[Dataset records]
——————————

(* Let $Z$ and $X$ be the third and first Pauli matrices on $\mathbb C^2$ and consider the assemblage, for $a,b,x,y\in\{0,1\}$, $$\sigma^{(\mathrm{GHZ})}_{a,b|x,y}=\frac18\left\{\mathbb 1+\frac{(-1)^b}{\sqrt2}\left[Z+x(-1)^{a+y}X\right]\right\}$$ (obtained from the state $(|000\rangle+|111\rangle)/\sqrt2$ when Bob measures in the eigenbasis of $Z+X$ for $y=0$ and of $Z-X$ for $y=1$, and Alice performs the trivial POVM $\{\mathbb 1/2,\mathbb 1/2\}$ for $x=0$ and an $X$-basis measurement for $x=1$). Then $\sigma^{(\mathrm{GHZ})}$ admits an LHS model across $AB|C$, and under the wiring $y=a$ it is mapped to the bipartite assemblage $$\sigma_{b|x}=\sum_a\sigma^{(\mathrm{GHZ})}_{a,b|x,a}=\frac14\left[\mathbb 1+\frac{(-1)^b}{\sqrt2}(Z+xX)\right],\qquad b,x\in\{0,1\},$$ which is both steerable and Bell nonlocal.
   Context: A tripartite family $\{\sigma_{a,b|x,y}\}$ of positive semidefinite operators on $\mathbb C^2$ admits an LHS model across $AB|C$ if there exist a finite set of $\lambda$, probabilities $P_\lambda$, arbitrary conditional probability distributions $P_{a,b|x,y,\lambda}$ (not required to be non-signaling), and density operators $\varrho_\lambda$ with $\sigma_{a,b|x,y}=\sum_\lambda P_\lambda P_{a,b|x,y,\lambda}\varrho_\lambda$. A bipartite assemblage $\{\sigma_{b|x}\}$ is unsteerable if $\sigma_{b|x}=\sum_\lambda P_\lambda P_{b|x,\lambda}\varrho_\lambda$ for some finite hidden variable $\lambda$, probabilities $P_\lambda$, conditional distributions $P_{b|x,\lambda}$ and density operators $\varrho_\lambda$; otherwise it is steerable. It is Bell nonlocal if there exist POVMs $\{M_{c|z}\}_c$ on Charlie's system, for finitely many inputs $z$, such that the behavior $P(b,c|x,z)=\mathrm{Tr}[M_{c|z}\sigma_{b|x}]$ admits no local hidden-variable model $P(b,c|x,z)=\sum_\lambda P_\lambda P(b|x,\lambda)P(c|z,\lambda)$. *)

theory Defs
  imports "HOL-Analysis.Analysis"
begin
lemma Bub_sp_combination:
  assumes k: "k \<ge> 1" and b: "b \<in> Bub_sp k V"
  obtains w where "b = (\<Sum>c\<in>Q \<times> multi_indices (k - 1). (\<lambda>x. w c *\<^sub>R bubble_basis c x))"
proof -
  obtain \<mu> where \<mu>: "\<And>p. p \<in> Q \<Longrightarrow> poly_fun (k - 1) (\<mu> p)"
    "b = (\<lambda>x. \<Sum>p\<in>Q. (\<mu> p x * bary V (\<iota> p) x) *\<^sub>R S p)"
    using Bub_sp_decomposition[OF k b] by blast
  have "\<exists>c. \<mu> p = (\<lambda>x. \<Sum>\<alpha>\<in>multi_indices (k - 1). c \<alpha> * monomial \<alpha> x)" if "p \<in> Q" for p
    using \<mu>(1)[OF that] unfolding poly_fun_altdef .
  then obtain a where a: "\<And>p. p \<in> Q \<Longrightarrow> \<mu> p = (\<lambda>x. \<Sum>\<alpha>\<in>multi_indices (k - 1). a p \<alpha> * monomial \<alpha> x)"
    by metis
  have "b x = (\<Sum>c\<in>Q \<times> multi_indices (k - 1). (\<lambda>x. case_prod a c *\<^sub>R bubble_basis c x)) x" for x
    unfolding bubble_basis_combination[OF finite_multi_indices] \<mu>(2)
    by (intro sum.cong refl) (simp add: a)
  then show ?thesis using that by blast
qed

lemma bubble_basis_independent:
  assumes "finite M" "(\<Sum>c\<in>Q \<times> M. (\<lambda>x. w c *\<^sub>R bubble_basis c x)) = 0"
    and c: "c \<in> Q \<times> M"
  shows "w c = 0"
proof -
  obtain p \<alpha> where c: "c = (p, \<alpha>)" "p \<in> Q" "\<alpha> \<in> M" using c by blast
  have "(\<Sum>p\<in>Q. ((\<Sum>\<alpha>\<in>M. w (p, \<alpha>) * monomial \<alpha> x) * bary V (\<iota> p) x) *\<^sub>R S p) = 0" for x
    using bubble_basis_combination[OF assms(1), of w x] assms(2) by simp
  moreover have "poly_fun (sum (\<lambda>\<alpha>. sum \<alpha> UNIV) M) (\<lambda>x. \<Sum>\<alpha>\<in>M. w (p, \<alpha>) * monomial \<alpha> x)"
    using assms(1) by (intro poly_fun_sum poly_fun_cmult poly_fun_monomial)
      (auto simp: multi_indices_def intro: member_le_sum)
  ultimately have "(\<Sum>\<alpha>\<in>M. w (p, \<alpha>) * monomial \<alpha> x) = 0" for x
    using bubble_coeffs_unique[of "\<lambda>p x. \<Sum>\<alpha>\<in>M. w (p, \<alpha>) * monomial \<alpha> x"] c(2) by blast
  then show ?thesis using monomial_coeffs_unique[OF assms(1) _ c(3), of "\<lambda>\<alpha>. w (p, \<alpha>)"] c(1) by blast
qed

lemma fdim_Bub_sp:
  assumes k: "k \<ge> 1"
  shows "fdim (Bub_sp k V) = card Q * card (multi_indices (k - 1) :: ('n \<Rightarrow> nat) set)"
proof -
  interpret F: vector_space "\<lambda>(c::real) (f::real^'n \<Rightarrow> real^'n^'n) x. c *\<^sub>R f x"
    by (rule fun_vector_space)
  let ?I = "Q \<times> (multi_indices (k - 1) :: ('n \<Rightarrow> nat) set)"
  have "F.dim (Bub_sp k V) = card ?I"
  proof (rule F.dim_eq_card_independent_family)
    show "Bub_sp k V \<subseteq> F.span (bubble_basis ` ?I)"
    proof
      fix b assume "b \<in> Bub_sp k V"
      then obtain w where "b = (\<Sum>c\<in>?I. (\<lambda>x. w c *\<^sub>R bubble_basis c x))"
        by (rule Bub_sp_combination[OF k])
      also have "\<dots> \<in> F.span (bubble_basis ` ?I)"
        by (intro F.span_sum F.span_scale[of "bubble_basis _", simplified] F.span_base) simp
      finally show "b \<in> F.span (bubble_basis ` ?I)" .
    qed
    show "\<forall>c\<in>?I. w c = 0" if "(\<Sum>c\<in>?I. (\<lambda>x. w c *\<^sub>R bubble_basis c x)) = 0" for w
      using bubble_basis_independent[OF finite_multi_indices that] by blast
  qed (use k finite_Q bubble_basis_in_Bub_sp in auto)
  then show ?thesis unfolding fdim_def by (simp add: card_cartesian_product)
qed
lemma tsummand_cong_0:
  assumes "regular_at P y" "N < k"
  shows "rcong (tsummand Q u w y k) 0 P"
proof -
  obtain l where k: "k = Suc N + l"
    using assms(2) less_iff_Suc_add by blast
  define R where "R = qpoch u Q N * qpoch (u * Q ^ Suc N) Q l * qpoch w Q k * qpoch y Q k * Q ^ k /
    (qpoch Q Q k * qpoch (u * w * Q) (Q ^ 2) k)"
  have "tsummand Q u w y k = (1 - u * Q ^ N) * R"
    unfolding tsummand_def R_def k qpoch_add by (simp add: qpoch_Suc mult_ac)
  moreover have "rcong (1 - u * Q ^ N) (1 - 1) P"
    using u_cong by (intro rcong_diff rcong_refl)
  moreover have "regular_at P R"
    unfolding R_def using assms(1) regular_u regular_w regular_Q unit_base unit_square_base
    by (intro regular_at_divide) (simp_all add: regular_at_mult regular_at_qpoch regular_at_power
        unit_at_mult unit_at_qpoch)
  ultimately show ?thesis
    using rcong_mult_right[of "1 - u * Q ^ N" "1 - 1" P R] by simp
qed

lemma sum_tsummand_cong:
  assumes "regular_at P y" "N < n"
  shows "rcong (\<Sum>k<n. tsummand Q u w y k) (\<Sum>k<Suc N. tcoeff Q N w k * qpoch y Q k) P"
proof -
  have "{..<n} = {..<Suc N} \<union> {Suc N..<n}"
    using assms(2) by auto
  hence "(\<Sum>k<n. tsummand Q u w y k) = sum (tsummand Q u w y) ({..<Suc N} \<union> {Suc N..<n})"
    by (simp only:)
  also have "\<dots> = (\<Sum>k<Suc N. tsummand Q u w y k) + (\<Sum>k\<in>{Suc N..<n}. tsummand Q u w y k)"
    by (rule sum.union_disjoint) auto
  finally have "(\<Sum>k<n. tsummand Q u w y k) = (\<Sum>k<Suc N. tsummand Q u w y k) + (\<Sum>k\<in>{Suc N..<n}. tsummand Q u w y k)" .
  moreover have "rcong (\<Sum>k<Suc N. tsummand Q u w y k) (\<Sum>k<Suc N. tcoeff Q N w k * qpoch y Q k) P"
    using tsummand_cong[OF assms(1)] by (rule rcong_sum)
  moreover have "rcong (\<Sum>k\<in>{Suc N..<n}. tsummand Q u w y k) (\<Sum>k\<in>{Suc N..<n}. 0) P"
    using tsummand_cong_0[OF assms(1)] by (intro rcong_sum) simp
  ultimately show ?thesis
    using rcong_add by fastforce
qed
lemma p_integral_inverse_of_int:
  assumes "prime p" "m \<noteq> 0" "\<bar>m\<bar> < int p"
  shows "p_integral p (1 / of_int m)"
proof -
  have "\<not> int p dvd m"
  proof
    assume "int p dvd m"
    then have "\<bar>int p\<bar> \<le> \<bar>m\<bar>"
      by (rule dvd_imp_le_int[OF assms(2)])
    with assms(3) show False by simp
  qed
  then have "coprime m (int p)"
    using prime_imp_coprime[of "int p" m] assms(1) by (simp add: coprime_commute)
  with assms(2) show ?thesis
    unfolding p_integral_iff by (intro exI[of _ 1] exI[of _ m]) auto
qed

lemma rat_cong_powI:
  assumes "p \<noteq> 0" "p_integral p b" "p_integral p r" "a = b + of_nat p ^ m * r"
  shows "rat_cong_pow a b p m"
proof -
  have "(a - b) / of_nat (p ^ m) = r"
    using assms(1,4) by simp
  moreover have "p_integral p a"
    unfolding assms(4) by (intro p_integral_add p_integral_mult p_integral_power p_integral_of_nat assms(2,3))
  ultimately show ?thesis
    unfolding rat_cong_pow_def using assms(2,3) by simp
qed

lemma prod_one_plus_mult_expansion:
  fixes v :: "'a \<Rightarrow> rat"
  assumes "\<And>j. j \<in> A \<Longrightarrow> p_integral p (v j)" "p_integral p x"
  shows "\<exists>r. p_integral p r \<and> (\<Prod>j\<in>A. 1 + x * v j) = 1 + x * (\<Sum>j\<in>A. v j) + x\<^sup>2 * r"
  using assms(1)
proof (induction A rule: infinite_finite_induct)
  case (insert i A)
  then obtain r where r: "p_integral p r"
    and prod_A: "(\<Prod>j\<in>A. 1 + x * v j) = 1 + x * (\<Sum>j\<in>A. v j) + x\<^sup>2 * r"
    by blast
  define r' where "r' = v i * (\<Sum>j\<in>A. v j) + (1 + x * v i) * r"
  have "p_integral p r'"
    unfolding r'_def using insert.prems r assms(2)
    by (intro p_integral_add p_integral_mult p_integral_sum p_integral_1) auto
  moreover have "(\<Prod>j\<in>insert i A. 1 + x * v j) = 1 + x * (\<Sum>j\<in>insert i A. v j) + x\<^sup>2 * r'"
    using insert.hyps by (simp add: prod_A r'_def algebra_simps power2_eq_square)
  ultimately show ?case by blast
qed (auto intro: p_integral_0)
lemma sum_powers_of_multiples:
  fixes K L a r :: nat
  assumes "L dvd K" "K > 0" "r \<ge> 1"
  defines "E \<equiv> \<lambda>m :: nat. int a * (2 * int m - 1)"
  shows "1 / of_nat K ^ (a * r) * (\<Sum>j = 1..K ^ a. if L ^ a dvd j then (of_nat j :: complex) ^ r else 0)
    = 1 / 2 + 1 / of_nat (r + 1) *
      (\<Sum>m = 0..r div 2. of_nat ((r + 1) choose (2 * m)) * complex_of_real (bernoulli (2 * m))
         / of_nat K powi E m * of_nat L powi E m)"
proof -
  obtain M where K: "K = L * M" using assms(1) by (rule dvdE)
  have "L > 0" "M > 0" using assms(2) K by auto
  have powers: "of_nat (M ^ a) powi (1 - 2 * int m) = (of_nat L powi E m / of_nat K powi E m :: complex)" for m
    using \<open>L > 0\<close> \<open>M > 0\<close>
    by (simp add: K E_def power_int_power power_int_mult_distrib power_int_minus_divide[symmetric] algebra_simps)
  have "(\<Sum>j = 1..K ^ a. if L ^ a dvd j then (of_nat j :: complex) ^ r else 0) =
      (\<Sum>t = 1..M ^ a. of_nat (L ^ a * t) ^ r)"
    unfolding K power_mult_distrib using \<open>L > 0\<close>
    by (intro sum_multiples_upto[where f = "\<lambda>j. of_nat j ^ r"]) simp
  also have "\<dots> = of_nat L ^ (a * r) * (\<Sum>t = 1..M ^ a. of_nat t ^ r)"
    by (simp add: sum_distrib_left power_mult_distrib power_mult)
  finally have "1 / of_nat K ^ (a * r) * (\<Sum>j = 1..K ^ a. if L ^ a dvd j then (of_nat j :: complex) ^ r else 0)
      = (\<Sum>t = 1..M ^ a. (of_nat t :: complex) ^ r) / of_nat (M ^ a) ^ r"
    using \<open>L > 0\<close> by (simp add: K power_mult_distrib power_mult mult.commute)
  also have "\<dots> = 1 / 2 + 1 / of_nat (r + 1) *
      (\<Sum>m = 0..r div 2. of_nat ((r + 1) choose (2 * m)) * complex_of_real (bernoulli (2 * m)) *
         of_nat (M ^ a) powi (1 - 2 * int m))"
    using \<open>M > 0\<close> assms(3) by (intro faulhaber_normalized) simp_all
  also have "\<dots> = 1 / 2 + 1 / of_nat (r + 1) *
      (\<Sum>m = 0..r div 2. of_nat ((r + 1) choose (2 * m)) * complex_of_real (bernoulli (2 * m))
         / of_nat K powi E m * of_nat L powi E m)"
    unfolding powers by simp
  finally show ?thesis .
qed

lemma lcm_power_nat: "lcm x y ^ a = lcm (x ^ a) (y ^ a)" for x y :: nat
proof (cases "x = 0 \<or> y = 0")
  case False
  have "gcd (x ^ a) (y ^ a) * lcm (x ^ a) (y ^ a) = gcd (x ^ a) (y ^ a) * lcm x y ^ a"
    using prod_gcd_lcm_nat[of x y] prod_gcd_lcm_nat[of "x ^ a" "y ^ a"]
    by (metis gcd_exp power_mult_distrib)
  then show ?thesis using False by simp
qed (cases a; auto)

lemma Lcm_power_dvd_iff:
  fixes A :: "nat set"
  assumes "finite A"
  shows "Lcm A ^ a dvd j \<longleftrightarrow> (\<forall>x\<in>A. x ^ a dvd j)"
  using assms by (induction A rule: finite_induct) (simp_all add: lcm_power_nat)

lemma prod_sum_divisors_power_dvd:
  fixes k :: "'i \<Rightarrow> nat" and F :: "'i \<Rightarrow> nat \<Rightarrow> 'a :: comm_semiring_1"
  assumes "finite I" "\<And>i. i \<in> I \<Longrightarrow> k i > 0"
  shows "(\<Prod>i\<in>I. \<Sum>e | e dvd k i \<and> e ^ a dvd j. F i e) =
    (\<Sum>d \<in> PiE I (\<lambda>i. {e. e dvd k i}). if Lcm (d ` I) ^ a dvd j then \<Prod>i\<in>I. F i (d i) else 0)"
proof -
  have "(\<Prod>i\<in>I. \<Sum>e | e dvd k i \<and> e ^ a dvd j. F i e) =
      (\<Prod>i\<in>I. \<Sum>e \<in> {e. e dvd k i}. if e ^ a dvd j then F i e else 0)"
    using assms(2) by (intro prod.cong refl) (simp add: sum.inter_filter[symmetric] conj_commute)
  also have "\<dots> = (\<Sum>d \<in> PiE I (\<lambda>i. {e. e dvd k i}). \<Prod>i\<in>I. if d i ^ a dvd j then F i (d i) else 0)"
    using assms by (intro prod_sum_PiE) simp_all
  also have "\<dots> = (\<Sum>d \<in> PiE I (\<lambda>i. {e. e dvd k i}). if Lcm (d ` I) ^ a dvd j then \<Prod>i\<in>I. F i (d i) else 0)"
    using assms(1) by (intro sum.cong refl) (auto simp: Lcm_power_dvd_iff intro!: prod_zero)
  finally show ?thesis .
qed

——————————

Work required: How many lines of the data above include the word "induction"? Only that number should be returned.

Exercise answer: 2